Unix's comeback in the hands of the open-source community, and
its association with the freewheeling culture of the Internet, has
made it newer enemies as well. Hollywood and Big Media feel deeply
threatened by the Internet and have launched a multipronged attack on
uncontrolled software development. Existing legislation like the
Digital Millennium Copyright Act has already been used to prosecute
software developers who were doing things the media moguls disliked
(the most notorious cases, of course, involve the DeCSS software that
enables playing of encrypted DVDs). Contemplated schemes like the
so-called Trusted Computing Platform Alliance and Palladium
threaten[163] to make open-source development
effectively illegal — and if open source goes down, Unix is very
likely to go down with it.
Unix and the
hackers and the
Internet against
Microsoft and
Hollywood and Big Media. It's a struggle we need to win for all our
traditional reasons of professionalism, allegiance to our craft, and
mutual tribal loyalty. But there are larger reasons this struggle is
important. The possibilities of politics are increasingly shaped by
communication technology — who can use it, who can censor it,
who can control it.
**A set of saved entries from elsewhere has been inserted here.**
(* Let $d\ge1$ and let $\alpha=(\alpha_1,\dots,\alpha_d)\in\mathbb{R}^d$ be such that $1,\alpha_1,\dots,\alpha_d$ are linearly independent over $\mathbb{Q}$ and span (as a $\mathbb{Q}$-vector space) a real algebraic number field of degree $d+1$ over $\mathbb{Q}$ (e.g. $\alpha=(p^{1/(d+1)},\dots,p^{d/(d+1)})$ for a prime $p$). Define $N_1=1$ and, for $i\ge2$, let $N_i$ be the smallest integer $N>N_{i-1}$ with $\langle N\alpha\rangle<\langle N_{i-1}\alpha\rangle$; let $z^{(i)}=(z^{(i)}_1,\dots,z^{(i)}_d)$ where $z^{(i)}_j$ is the nearest integer to $N_i\alpha_j$. Then the family of rank-1 lattice point sets $(P_{N_i,z^{(i)}})_{i\ge2}$ is a quasi-uniform family of point sets over $[0,1]^d$; in particular there is a constant $C$, independent of $i$, with $\rho(P_{N_i,z^{(i)}})\le C$ for all $i\ge 2$.
   Context: For $x\in\mathbb{R}^d$, $\langle x\rangle=\max_{1\le j\le d}\min_{k\in\mathbb{Z}}|x_j-k|$. For $N\in\mathbb{N}$ and $z\in\mathbb{Z}^d$ with $\gcd(N,z_1,\dots,z_d)=1$, the rank-1 lattice point set is $P_{N,z}=\{(\{nz_1/N\},\dots,\{nz_d/N\}) : n=0,1,\dots,N-1\}\subset[0,1)^d$, where $\{x\}=x-\lfloor x\rfloor$; it equals $\Lambda\cap[0,1)^d$ for the lattice $\Lambda=\frac1N z\mathbb{Z}+\mathbb{Z}^d$. For a finite point set $P\subset[0,1]^d$ with at least two points: covering radius $h(P)=\sup_{x\in[0,1]^d}\min_{y\in P}\|x-y\|_2$, separation radius $q(P)=\frac12\min_{x,y\in P,\,x\ne y}\|x-y\|_2$, mesh ratio $\rho(P)=h(P)/q(P)$. A family $(P_{N_i})_{i}$ of point sets in $[0,1]^d$ with $N_i=|P_{N_i}|$ is a quasi-uniform family if there is a constant $c>1$ with $N_i<N_{i+1}\le cN_i$ for all $i$, and a constant $C_d$ independent of $i$ with $\rho(P_{N_i})\le C_d$ for all $i$. *)

theory Defs
  imports "HOL-Analysis.Analysis"
begin

text \<open>Points of R^d are vectors of type real^'n, d = CARD('n) (so d \<ge> 1).\<close>

definition unit_cube :: "(real^'n::finite) set" where
  "unit_cube = {x. \<forall>j. 0 \<le> x$j \<and> x$j \<le> 1}"

definition int_dist :: "real \<Rightarrow> real" where
  "int_dist t = (INF k::int. \<bar>t - of_int k\<bar>)"

definition torus_norm :: "real^'n::finite \<Rightarrow> real" where
  "torus_norm x = Max (range (\<lambda>j. int_dist (x$j)))"

text \<open>The sequence N_i (indexed from 1; the value at 0 is irrelevant).\<close>
fun Nseq :: "real^'n::finite \<Rightarrow> nat \<Rightarrow> nat" where
  "Nseq \<alpha> 0 = 1"
| "Nseq \<alpha> (Suc 0) = 1"
| "Nseq \<alpha> (Suc (Suc i)) =
     (LEAST M. M > Nseq \<alpha> (Suc i) \<and>
        torus_norm (of_nat M *\<^sub>R \<alpha>) < torus_norm (of_nat (Nseq \<alpha> (Suc i)) *\<^sub>R \<alpha>))"

definition zvec :: "real^'n::finite \<Rightarrow> nat \<Rightarrow> int^'n" where
  "zvec \<alpha> i = (\<chi> j. round (of_nat (Nseq \<alpha> i) * \<alpha>$j))"

definition rank1_lattice :: "nat \<Rightarrow> int^'n::finite \<Rightarrow> (real^'n) set" where
  "rank1_lattice N z = {(\<chi> j. frac (of_nat n * of_int (z$j) / of_nat N)) | n. n < N}"

definition rank1_admissible :: "nat \<Rightarrow> int^'n::finite \<Rightarrow> bool" where
  "rank1_admissible N z \<longleftrightarrow> Gcd (insert (int N) (range (\<lambda>j. z$j))) = 1"

definition covering_radius :: "(real^'n::finite) set \<Rightarrow> real" where
  "covering_radius P = (SUP x\<in>unit_cube. INF y\<in>P. dist x y)"

definition separation_radius :: "(real^'n::finite) set \<Rightarrow> real" where
  "separation_radius P = Inf {dist x y | x y. x \<in> P \<and> y \<in> P \<and> x \<noteq> y} / 2"

definition mesh_ratio :: "(real^'n::finite) set \<Rightarrow> real" where
  "mesh_ratio P = covering_radius P / separation_radius P"

definition quasi_uniform_family :: "nat \<Rightarrow> (nat \<Rightarrow> (real^'n::finite) set) \<Rightarrow> bool" where
  "quasi_uniform_family i0 P \<longleftrightarrow>
     (\<forall>i\<ge>i0. finite (P i) \<and> P i \<subseteq> unit_cube \<and> card (P i) \<ge> 2) \<and>
     (\<exists>c::real. c > 1 \<and> (\<forall>i\<ge>i0. card (P i) < card (P (Suc i)) \<and>
                                  real (card (P (Suc i))) \<le> c * real (card (P i)))) \<and>
     (\<exists>C::real. \<forall>i\<ge>i0. mesh_ratio (P i) \<le> C)"

definition rat_span :: "real^'n::finite \<Rightarrow> real set" where
  "rat_span \<alpha> = {c0 + (\<Sum>j\<in>UNIV. c$j * \<alpha>$j) | c0 c. c0 \<in> \<rat> \<and> (\<forall>j. c$j \<in> \<rat>)}"

definition rat_lin_indep_1 :: "real^'n::finite \<Rightarrow> bool" where
  "rat_lin_indep_1 \<alpha> \<longleftrightarrow>
     (\<forall>c0 c. c0 \<in> \<rat> \<and> (\<forall>j. c$j \<in> \<rat>) \<and> c0 + (\<Sum>j\<in>UNIV. c$j * \<alpha>$j) = 0
        \<longrightarrow> c0 = 0 \<and> (\<forall>j. c$j = 0))"

text \<open>The Q-span is a subfield of R (then of degree d+1 by linear independence,
  hence an algebraic number field).\<close>
definition span_is_field :: "real^'n::finite \<Rightarrow> bool" where
  "span_is_field \<alpha> \<longleftrightarrow>
     (\<forall>x\<in>rat_span \<alpha>. \<forall>y\<in>rat_span \<alpha>. x * y \<in> rat_span \<alpha>) \<and>
     (\<forall>x\<in>rat_span \<alpha>. x \<noteq> 0 \<longrightarrow> inverse x \<in> rat_span \<alpha>)"

end

theory Submission
  imports Defs
begin

text \<open>
  Let \<open>N\<close> be a best approximation of \<open>\<alpha>\<close> and \<open>\<delta> = \<langle>N\<alpha>\<rangle>\<close>. Every nonzero vector of the lattice
  \<open>\<Lambda> = z\<int>/N + \<int>\<^sup>d\<close> has a coordinate of size at least \<open>\<delta>/2\<close>, since a shorter vector would
  produce a smaller multiple \<open>m\<alpha>\<close> closer to \<open>\<int>\<^sup>d\<close>; this bounds the separation radius from below
  and also gives \<open>gcd(N, z) = 1\<close> and \<open>|P\<^sub>N\<^sub>,\<^sub>z| = N\<close>. A lattice of covolume \<open>1/N\<close> without
  nonzero vectors shorter than \<open>\<delta>/2\<close> has covering radius \<open>O(1/(N\<delta>\<^sup>d\<^sup>-\<^sup>1) + \<delta>)\<close>: near a deepest hole
  \<open>x\<close>, a tube of radius \<open>\<delta>/8\<close> around the segment from \<open>-x\<close> to \<open>x\<close> meets the lattice only in \<open>0\<close>,
  and counting the points of a fine grid in that tube modulo \<open>\<Lambda>\<close> bounds \<open>|x|\<close>. Hence the mesh
  ratio is \<open>O(1 + 1/(N\<delta>\<^sup>d))\<close>.

  Because \<open>1, \<alpha>\<^sub>1, \<dots>, \<alpha>\<^sub>d\<close> span a number field, the norm of a nonzero \<open>t + h \<bullet> \<alpha>\<close> with
  \<open>|h| \<le> H\<close> is a nonzero rational with bounded denominator and of size \<open>O(|t + h \<bullet> \<alpha>| H\<^sup>d)\<close>.
  Together with a pigeonhole argument this shows that \<open>\<alpha>\<close> is badly approximable,
  \<open>N \<langle>N\<alpha>\<rangle>\<^sup>d \<ge> c > 0\<close>, which bounds the mesh ratio uniformly. Finally Dirichlet's theorem gives
  \<open>N\<^sub>i\<^sub>+\<^sub>1 \<le> (2/\<langle>N\<^sub>i\<alpha>\<rangle>)\<^sup>d \<le> 2\<^sup>d N\<^sub>i / c\<close>.
\<close>

section \<open>Distance to the nearest integer and the torus norm\<close>

lemma int_dist_eq_round: "int_dist t = \<bar>t - of_int (round t)\<bar>"
  unfolding int_dist_def by (rule cInf_eq_minimum) (auto intro: round_diff_minimal)

lemma int_dist_le: "int_dist t \<le> \<bar>t - of_int k\<bar>"
  unfolding int_dist_eq_round by (rule round_diff_minimal)

lemma int_dist_nonneg: "int_dist t \<ge> 0"
  unfolding int_dist_eq_round by simp

lemma int_dist_le_half: "int_dist t \<le> 1/2"
  unfolding int_dist_eq_round by (metis abs_minus_commute of_int_round_abs_le)

lemma int_dist_le_abs: "int_dist t \<le> \<bar>t\<bar>"
  using int_dist_le[of t 0] by simp

lemma int_dist_add_le: "int_dist (a + b) \<le> int_dist a + \<bar>b\<bar>"
  using int_dist_le[of "a + b" "round a"] by (simp add: int_dist_eq_round)

lemma int_dist_add_Ints:
  assumes "s \<in> \<int>"
  shows "int_dist (t + s) = int_dist t"
proof -
  have "int_dist (t + s) \<le> int_dist t" if "s \<in> \<int>" for t s :: real
  proof -
    from that obtain k where "s = of_int k" by (rule Ints_cases)
    then show ?thesis using int_dist_le[of "t + s" "round t + k"] by (simp add: int_dist_eq_round)
  qed
  from this[OF assms, of t] this[of "- s" "t + s"] assms show ?thesis
    by (simp add: order_antisym)
qed

lemma int_dist_Ints: "s \<in> \<int> \<Longrightarrow> int_dist s = 0"
  using int_dist_add_Ints[of s 0] int_dist_le_abs[of 0] int_dist_nonneg[of 0] by simp

lemma int_dist_eq_0_iff: "int_dist t = 0 \<longleftrightarrow> t \<in> \<int>"
proof
  assume "int_dist t = 0"
  then have "t = of_int (round t)" by (simp add: int_dist_eq_round)
  then show "t \<in> \<int>" by (metis Ints_of_int)
qed (rule int_dist_Ints)

lemma int_dist_minus: "int_dist (- t) = int_dist t"
proof -
  have "int_dist (- t) \<le> int_dist t" for t
    using int_dist_le[of "- t" "- round t"] by (simp add: int_dist_eq_round abs_minus_commute)
  from this[of t] this[of "- t"] show ?thesis by simp
qed

lemma int_dist_le_torus_norm: "int_dist (x$j) \<le> torus_norm x"
  unfolding torus_norm_def by (rule Max_ge) auto

lemma torus_norm_attained: "\<exists>j. torus_norm x = int_dist (x$j)"
proof -
  have "Max (range (\<lambda>j. int_dist (x$j))) \<in> range (\<lambda>j. int_dist (x$j))"
    by (rule Max_in) auto
  then show ?thesis unfolding torus_norm_def by (metis (no_types, lifting) imageE)
qed

lemma torus_norm_le_iff: "torus_norm x \<le> e \<longleftrightarrow> (\<forall>j. int_dist (x$j) \<le> e)"
  by (metis order.trans torus_norm_attained int_dist_le_torus_norm)

lemma torus_norm_less_iff: "torus_norm x < e \<longleftrightarrow> (\<forall>j. int_dist (x$j) < e)"
  by (metis order.strict_trans1 torus_norm_attained int_dist_le_torus_norm)

lemma torus_norm_le_half: "torus_norm x \<le> 1/2"
  using int_dist_le_half torus_norm_le_iff by blast

lemma torus_norm_nonneg: "torus_norm x \<ge> 0"
  by (meson int_dist_nonneg order.trans int_dist_le_torus_norm)

lemma torus_norm_of_int_scaleR: "torus_norm (of_int m *\<^sub>R x) = torus_norm (of_nat (nat \<bar>m\<bar>) *\<^sub>R x)"
proof -
  have "int_dist (of_int m * x$j) = int_dist (of_nat (nat \<bar>m\<bar>) * x$j)" for j
  proof (cases "m \<ge> 0")
    case False
    then have "of_nat (nat \<bar>m\<bar>) * x$j = - (of_int m * x$j)" by simp
    then show ?thesis by (simp add: int_dist_minus)
  qed simp
  then show ?thesis unfolding torus_norm_def by simp
qed

abbreviation approx_error :: "real^'n::finite \<Rightarrow> nat \<Rightarrow> real" where
  "approx_error \<alpha> M \<equiv> torus_norm (of_nat M *\<^sub>R \<alpha>)"

lemma int_dist_le_approx_error: "int_dist (of_nat M * \<alpha>$j) \<le> approx_error \<alpha> M"
  using int_dist_le_torus_norm[of "of_nat M *\<^sub>R \<alpha>" j] by simp

lemma approx_error_pos:
  fixes \<alpha> :: "real^'n::finite"
  assumes "rat_lin_indep_1 \<alpha>" "M \<ge> 1"
  shows "approx_error \<alpha> M > 0"
proof (rule ccontr)
  assume "\<not> approx_error \<alpha> M > 0"
  then have "approx_error \<alpha> M = 0" using torus_norm_nonneg[of "of_nat M *\<^sub>R \<alpha>"] by linarith
  then obtain j where "int_dist (of_nat M * \<alpha>$j) = 0"
    using torus_norm_attained[of "of_nat M *\<^sub>R \<alpha>"] by auto
  then obtain k where k: "of_nat M * \<alpha>$j = of_int k" by (metis int_dist_eq_0_iff Ints_cases)
  define c :: "real^'n" where "c = (\<chi> i. if i = j then of_nat M else 0)"
  have "(\<Sum>i\<in>UNIV. c$i * \<alpha>$i) = of_nat M * \<alpha>$j"
    unfolding c_def by (simp add: if_distrib[where f="\<lambda>x. x * _"] sum.delta cong: if_cong)
  then have "of_int (- k) + (\<Sum>i\<in>UNIV. c$i * \<alpha>$i) = 0" using k by simp
  moreover have "\<forall>i. c$i \<in> \<rat>" unfolding c_def by simp
  ultimately have "c$j = 0" using assms(1) unfolding rat_lin_indep_1_def by (metis Rats_of_int)
  then show False using assms(2) unfolding c_def by simp
qed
Government and corporate control of the content
of the nets, and of what people can do with their computers, is a
severe long-term threat to political freedom. The nightmare scenario
is one in which corporate monopolism and statist power-seeking, always
natural allies, feed back into each other and create rationales for
increasing regulation, repression, and criminalization of digital
speech. In opposing this, we are the warriors of liberty —
not merely our own liberty, but everyone else's as well.